We compute the AdS Veneziano amplitude for type IIB gluon scattering in $AdS_5 \times S^3$ to all orders in $α'$ in a small curvature expansion. This is achieved by combining a dispersion relation in the dual $4d$ $\mathcal{N}=2$ SCFT with an ansatz for the amplitude as a worldsheet integral in terms of multiple polylogarithms. The first curvature correction is fully fixed in this way and satisfies consistency checks in the high energy limit, the low energy expansion as previously fixed using supersymmetric localisation, and for the energy of massive string operators, which we independently compute using a semiclassical expansion. We also combine localisation with this first curvature correction to fix the unprotected $D^4F^4$ correction to the amplitude at finite curvature.

Figures (7)

• Figure 1: Chew-Frautschi plot of the spectrum of operators exchanged in the Veneziano amplitude.

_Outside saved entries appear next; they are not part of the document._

lemma prob_num_classes_eq:
  assumes "1 \<le> N"
  shows "measure_pmf.prob (rand_family N n) {B. num_classes N n B = i}
    = real (Stirling n i) * real (\<Prod>j<i. 2 ^ (N - 1) - j) / 2 ^ ((N - 1) * n)"
proof -
  let ?\<Omega> = "PiE {1..N} (\<lambda>_. PiE {1..n} (\<lambda>_. UNIV :: bool set))"
  have "measure_pmf.prob (rand_family N n) {B. num_classes N n B = i}
      = real (card {B \<in> ?\<Omega>. num_classes N n B = i}) / real (card ?\<Omega>)"
    by (simp add: rand_family_eq_pmf_of_set measure_pmf_of_set finite_PiE PiE_eq_empty_iff Int_def)
  moreover have "card ?\<Omega> = 2 ^ n * 2 ^ ((N - 1) * n)"
  proof -
    have "card ?\<Omega> = 2 ^ (n * N)"
      by (simp add: card_PiE power_mult)
    also have "n * N = n + (N - 1) * n"
      using assms by (cases N) auto
    finally show ?thesis
      by (simp add: power_add)
  qed
  ultimately show ?thesis
    using card_num_classes_eq[OF assms, of n i] by simp
qed

theorem theorem8p5:
  fixes N n i :: nat
  assumes "N \<ge> 1" and "1 \<le> i" and "i \<le> n"
  shows "measure_pmf.prob (rand_family N n) {B. num_classes N n B = i} =
    (1 / 2 ^ ((N - 1) * (n - i))) *
    (\<Sum>ns\<in>S_set i (n - i). \<Prod>j=1..i.
        real j ^ (ns ! (j - 1)) * (1 - (real j - 1) / 2 ^ (N - 1)))"
proof -
  let ?M = "2 ^ (N - 1) :: nat"
  have "measure_pmf.prob (rand_family N n) {B. num_classes N n B = i}
      = real (Stirling n i) * (real (\<Prod>j<i. ?M - j) / real ?M ^ i) / real ?M ^ (n - i)"
    using prob_num_classes_eq[OF assms(1)] assms(3)
    by (simp add: power_mult power_add[symmetric])
  also have "\<dots> = (1 / 2 ^ ((N - 1) * (n - i))) *
      (real (Stirling (n - i + i) i) * (\<Prod>j=1..i. 1 - (real j - 1) / real ?M))"
    using assms(3) prod_one_minus_div_eq[of ?M i] by (simp add: power_mult)
  also have "\<dots> = (1 / 2 ^ ((N - 1) * (n - i))) *
      (\<Sum>ns\<in>S_set i (n - i). \<Prod>j=1..i. real j ^ (ns ! (j - 1)) * (1 - (real j - 1) / real ?M))"
    by (simp only: sum_S_set_prod_eq_Stirling)
  finally show ?thesis
    by simp
qed
(* Let $n>d>0$, let $\mathfrak{C}_d([n])$ be the set of all chordal $d$-uniform clutters on $[n]$, and let $i\in\{1,\ldots,n-d\}$. Write $\alpha_k(n,d)=\sum_{j=k}^{n-d+1}(-1)^{j-k}\binom{n}{d+j-1}\binom{j}{k}$ for $1\le k\le n-d$. Then: (a) $\max\{\lambda_i(\mathcal{C}): \mathcal{C}\in\mathfrak{C}_d([n]),\ \mathcal{C}\neq\mathcal{C}_{n,d}\}=\alpha_i(n,d)+\binom{n-1-i}{d-1}$; (b) if $l_0,\ldots,l_{n-d}$ is an $M$-sequence with $l_1\le d$ and $\lambda_{n-d-k}=\alpha_{n-d-k}(n,d)+l_k-l_{k+1}$ for $k=0,\ldots,n-d-1$, then $\lambda_i=\alpha_i(n,d)+\binom{n-1-i}{d-1}$ if and only if $l_{n-d-j}=\binom{n-1-j}{d-1}$ for all $j$ with $i\le j\le n-d$ and $l_{n-d-j}=0$ for all $j$ with $0\le j<i$.
   Context: A $d$-uniform clutter on $[n]$ is a set of $d$-subsets of $[n]$; $\mathcal{C}_{n,d}$ is the set of all $d$-subsets. Submaximal circuit: a $(d-1)$-set contained in some circuit. Clique: a set all of whose $d$-subsets are circuits. $\mathrm{N}_{\mathcal{C}}(e)=\{c: e\cup\{c\}\in\mathcal{C}\}$, $\mathrm{N}_{\mathcal{C}}[e]=e\cup\mathrm{N}_{\mathcal{C}}(e)$; $e$ is simplicial if it is a submaximal circuit and $\mathrm{N}_{\mathcal{C}}[e]$ is a clique. $\mathcal{C}\setminus e=\{F\in\mathcal{C}:e\not\subset F\}$; $\mathcal{C}_{e_1\cdots e_i}$ is successive deletion. A simplicial order is a sequence $e_1,\ldots,e_r$ with $e_i$ simplicial in $\mathcal{C}_{e_1\cdots e_{i-1}}$ (in $\mathcal{C}$ for $i=1$) and $\mathcal{C}_{e_1\cdots e_r}=\emptyset$; $\mathcal{C}$ is chordal if one exists. Its multiset is $\{N_1,\ldots,N_r\}$, $N_i=|\mathrm{N}_{\mathcal{C}_{e_1\cdots e_{i-1}}}(e_i)|$ (independent of the order), and $\lambda_i(\mathcal{C})=|\{j:N_j=i\}|$. $M$-sequence: $l_0=1$ and $0\le l_{i+1}\le l_i^{\langle i\rangle}$ for $i\ge1$, where for $a=\binom{a(i)}{i}+\cdots+\binom{a(j)}{j}$ (Macaulay representation, $a(i)>\cdots>a(j)\ge j\ge1$) one sets $a^{\langle i\rangle}=\binom{a(i)+1}{i+1}+\cdots+\binom{a(j)+1}{j+1}$, $0^{\langle i\rangle}=0$. *)

theory Defs
  imports Main
begin

definition all_dsets :: "nat \<Rightarrow> nat \<Rightarrow> nat set set" where
  "all_dsets n d = {F. F \<subseteq> {1..n} \<and> card F = d}"

definition uniform_clutter :: "nat \<Rightarrow> nat \<Rightarrow> nat set set \<Rightarrow> bool" where
  "uniform_clutter n d C \<longleftrightarrow> C \<subseteq> all_dsets n d"

definition submax_circuit :: "nat \<Rightarrow> nat set set \<Rightarrow> nat set \<Rightarrow> bool" where
  "submax_circuit d C e \<longleftrightarrow> finite e \<and> card e = d - 1 \<and> (\<exists>F\<in>C. e \<subseteq> F)"

definition is_clique :: "nat \<Rightarrow> nat set set \<Rightarrow> nat set \<Rightarrow> bool" where
  "is_clique d C S \<longleftrightarrow> (\<forall>F. F \<subseteq> S \<and> finite F \<and> card F = d \<longrightarrow> F \<in> C)"

definition open_nbhd :: "nat set set \<Rightarrow> nat set \<Rightarrow> nat set" where
  "open_nbhd C e = {c. e \<union> {c} \<in> C}"

definition closed_nbhd :: "nat set set \<Rightarrow> nat set \<Rightarrow> nat set" where
  "closed_nbhd C e = e \<union> open_nbhd C e"

definition simplicial :: "nat \<Rightarrow> nat set set \<Rightarrow> nat set \<Rightarrow> bool" where
  "simplicial d C e \<longleftrightarrow> submax_circuit d C e \<and> is_clique d C (closed_nbhd C e)"

definition del :: "nat set set \<Rightarrow> nat set \<Rightarrow> nat set set" where
  "del C e = {F \<in> C. \<not> e \<subseteq> F}"

definition dels :: "nat set set \<Rightarrow> nat set list \<Rightarrow> nat set set" where
  "dels C es = foldl del C es"

definition simplicial_order :: "nat \<Rightarrow> nat set set \<Rightarrow> nat set list \<Rightarrow> bool" where
  "simplicial_order d C es \<longleftrightarrow>
     (\<forall>i < length es. simplicial d (dels C (take i es)) (es ! i)) \<and> dels C es = {}"

definition chordal :: "nat \<Rightarrow> nat set set \<Rightarrow> bool" where
  "chordal d C \<longleftrightarrow> (\<exists>es. simplicial_order d C es)"

definition chordal_clutter :: "nat \<Rightarrow> nat \<Rightarrow> nat set set \<Rightarrow> bool" where
  "chordal_clutter n d C \<longleftrightarrow> uniform_clutter n d C \<and> chordal d C"

(* N_i for a given order (0-based index i) *)
definition order_N :: "nat set set \<Rightarrow> nat set list \<Rightarrow> nat \<Rightarrow> nat" where
  "order_N C es i = card (open_nbhd (dels C (take i es)) (es ! i))"

(* lambda_k(C), computed from a (chosen) simplicial order; the multiset is order-independent *)
definition lam :: "nat \<Rightarrow> nat set set \<Rightarrow> nat \<Rightarrow> nat" where
  "lam d C k = (let es = (SOME es. simplicial_order d C es) in
                 card {j. j < length es \<and> order_N C es j = k})"

definition alpha :: "nat \<Rightarrow> nat \<Rightarrow> nat \<Rightarrow> int" where
  "alpha k n d = (\<Sum>j = k..n - d + 1. (-1) ^ (j - k) * int (n choose (d + j - 1)) * int (j choose k))"

(* Macaulay representation of a w.r.t. i: the list [a(i), a(i-1), ..., a(j)] with
   a(i) > ... > a(j) >= j >= 1 and a = sum binom(a(t), t). *)
definition macaulay_rep :: "nat \<Rightarrow> nat \<Rightarrow> nat list \<Rightarrow> bool" where
  "macaulay_rep a i as \<longleftrightarrow> as \<noteq> [] \<and> length as \<le> i \<and> sorted_wrt (>) as \<and>
     last as \<ge> i + 1 - length as \<and> a = (\<Sum>t < length as. (as ! t) choose (i - t))"

definition mac_upper :: "nat \<Rightarrow> nat \<Rightarrow> nat" where
  "mac_upper a i = (if a = 0 then 0 else
     (let as = (THE as. macaulay_rep a i as) in
        \<Sum>t < length as. (as ! t + 1) choose (i - t + 1)))"

definition M_sequence :: "(nat \<Rightarrow> nat) \<Rightarrow> nat \<Rightarrow> bool" where
  "M_sequence l m \<longleftrightarrow> l 0 = 1 \<and> (\<forall>i. 1 \<le> i \<and> i + 1 \<le> m \<longrightarrow> l (i + 1) \<le> mac_upper (l i) i)"

end

theory Submission
  imports Defs "HOL-Library.Multiset" "HOL-Library.Function_Algebras"
    "HOL-Computational_Algebra.Polynomial" "HOL-Library.Nat_Bijection"
begin

text \<open>
  Let \<open>e\<^sub>1, \<dots>, e\<^sub>r\<close> be a simplicial order. The closed neighbourhoods \<open>N[e\<^sub>j]\<close> with \<open>N\<^sub>j = i\<close> are
  cliques of size \<open>d - 1 + i\<close> containing \<open>e\<^sub>j\<close> but no earlier \<open>e\<^sub>s\<close>, so the pairs
  \<open>(e\<^sub>j, [n] - N[e\<^sub>j])\<close> form a skew cross-intersecting family, and Frankl's skew version of
  Bollobas' theorem gives \<open>\<lambda>\<^sub>i \<le> (n - i) choose (d - 1)\<close>. The bound is attained by the clutter of
  all \<open>d\<close>-sets meeting the top \<open>i\<close> elements of \<open>[n]\<close>: deleting the \<open>(d-1)\<close>-sets in colex order is
  a simplicial order, and every \<open>g \<union> {n-i+1..n}\<close> with \<open>g\<close> a \<open>(d-1)\<close>-subset of \<open>[n-i]\<close> occurs as
  some \<open>N[e\<^sub>j]\<close>. An alternating binomial sum identifies the bound with
  \<open>\<alpha>\<^sub>i + (n - 1 - i) choose (d - 1)\<close>.

  For (b), Macaulay's bound and \<open>l\<^sub>1 \<le> d\<close> give \<open>l\<^sub>k \<le> (d - 1 + k) choose k\<close>; strict inequality and
  vanishing both propagate upwards, so \<open>l\<^sub>r - l\<^bsub>r+1\<^esub> = (d - 1 + r) choose r\<close> holds exactly when \<open>l\<close>
  is maximal up to \<open>r\<close> and zero afterwards.
\<close>

section \<open>Skew version of Bollobas' theorem\<close>

definition scale_fun :: "real \<Rightarrow> ('a \<Rightarrow> real) \<Rightarrow> 'a \<Rightarrow> real" where
  "scale_fun r f = (\<lambda>x. r * f x)"

interpretation fun_vs: vector_space "scale_fun :: real \<Rightarrow> ('a \<Rightarrow> real) \<Rightarrow> 'a \<Rightarrow> real"
  by unfold_locales (auto simp: scale_fun_def fun_eq_iff algebra_simps)

lemma sum_fun_apply: "(\<Sum>i\<in>S. f i) x = (\<Sum>i\<in>S. f i x)"
  by (induction S rule: infinite_finite_induct) auto
(* $R^p(3)=\tfrac12$ and $R(4)=\tfrac13$.
   Context: A qubit POVM is a finite family $\{\Pi_i\}_{i=1}^n$ of positive semidefinite operators summing to $\mathbb{I}$; it simulates a family $\{M_{a|x}\}$ if $M_{a|x}=\sum_i p(a|x,i)\Pi_i$ with $p(a|x,i)\ge0$, $\sum_a p(a|x,i)=1$. $\mathcal{P}_r$ is the family of two-outcome POVMs $\{\tfrac12(\mathbb{I}\pm r\hat n\cdot\vec\sigma)\}$ over all unit $\hat n\in\mathbb{R}^3$, and $\mathcal{P}^p_r$ the subfamily with $\hat n=(n_x,0,n_z)$. $R(n)$ (resp. $R^p(n)$) is the supremum of $r$ such that some $n$-outcome qubit POVM simulates $\mathcal{P}_r$ (resp. $\mathcal{P}^p_r$). *)

theory Defs
  imports "HOL-Analysis.Analysis"
begin

type_synonym qop = "complex ^ 2 ^ 2"

definition sigma_x :: qop where
  "sigma_x = (\<chi> i j. if i = j then 0 else 1)"
definition sigma_y :: qop where
  "sigma_y = (\<chi> i j. if i = j then 0 else if i = 1 then - \<i> else \<i>)"
definition sigma_z :: qop where
  "sigma_z = (\<chi> i j. if i \<noteq> j then 0 else if i = 1 then 1 else -1)"

definition pauli_dot :: "real ^ 3 \<Rightarrow> qop" where
  "pauli_dot v = v$1 *\<^sub>R sigma_x + v$2 *\<^sub>R sigma_y + v$3 *\<^sub>R sigma_z"

definition psd :: "qop \<Rightarrow> bool" where
  "psd A \<longleftrightarrow> (\<forall>v :: complex ^ 2.
      Im (\<Sum>i\<in>UNIV. cnj (v$i) * (A *v v)$i) = 0 \<and>
      Re (\<Sum>i\<in>UNIV. cnj (v$i) * (A *v v)$i) \<ge> 0)"

definition povm :: "nat \<Rightarrow> (nat \<Rightarrow> qop) \<Rightarrow> bool" where
  "povm n P \<longleftrightarrow> (\<forall>i<n. psd (P i)) \<and> (\<Sum>i<n. P i) = mat 1"

definition simulates :: "nat \<Rightarrow> (nat \<Rightarrow> qop) \<Rightarrow> 'a set \<Rightarrow> 'x set \<Rightarrow> ('a \<Rightarrow> 'x \<Rightarrow> qop) \<Rightarrow> bool" where
  "simulates n P A X M \<longleftrightarrow> (\<exists>p :: 'a \<Rightarrow> 'x \<Rightarrow> nat \<Rightarrow> real.
      (\<forall>x\<in>X. \<forall>i<n. (\<forall>a\<in>A. p a x i \<ge> 0) \<and> (\<Sum>a\<in>A. p a x i) = 1) \<and>
      (\<forall>x\<in>X. \<forall>a\<in>A. M a x = (\<Sum>i<n. p a x i *\<^sub>R P i)))"

definition noisy_meas :: "real \<Rightarrow> bool \<Rightarrow> real ^ 3 \<Rightarrow> qop" where
  "noisy_meas r a v = (1/2 :: real) *\<^sub>R (mat 1 + (if a then r else - r) *\<^sub>R pauli_dot v)"

definition all_dirs :: "(real ^ 3) set" where
  "all_dirs = {v. norm v = 1}"

definition planar_dirs :: "(real ^ 3) set" where
  "planar_dirs = {v. norm v = 1 \<and> v$2 = 0}"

• Figure 2: Illustration of the closed mixed folded string solution. The solution contains four identical segments, which are split in the plot for clarity. The four segments correspond to $\sigma$ in the intervals $[0, \pi/2]$, $[\pi/2, \pi]$, $[\pi, 3\pi/2]$, and $[3\pi/2, 2\pi]$, respectively, and are coloured in red, cyan, violet, and purple for visual distinction.
• Figure 3: Illustration of the closed folded $S^5$ string solution. The solution contains four identical segments, which are split in the plot for clarity. The four segments correspond to $\sigma$ in the intervals $[0, \pi/2]$, $[\pi/2, \pi]$, $[\pi, 3\pi/2]$, and $[3\pi/2, 2\pi]$, respectively, and are coloured in red, cyan, violet, and purple for visual distinction.
• Figure 4: Open folded string solution from closed folded string solution: we take half of the solution and relabel the coordinate by $\sigma \rightarrow \sigma - \pi/2$.
• Figure 5: Open folded string solution from closed folded string solution: we take half of the solution and relabel the coordinate by $\sigma \rightarrow \sigma - \pi/2$.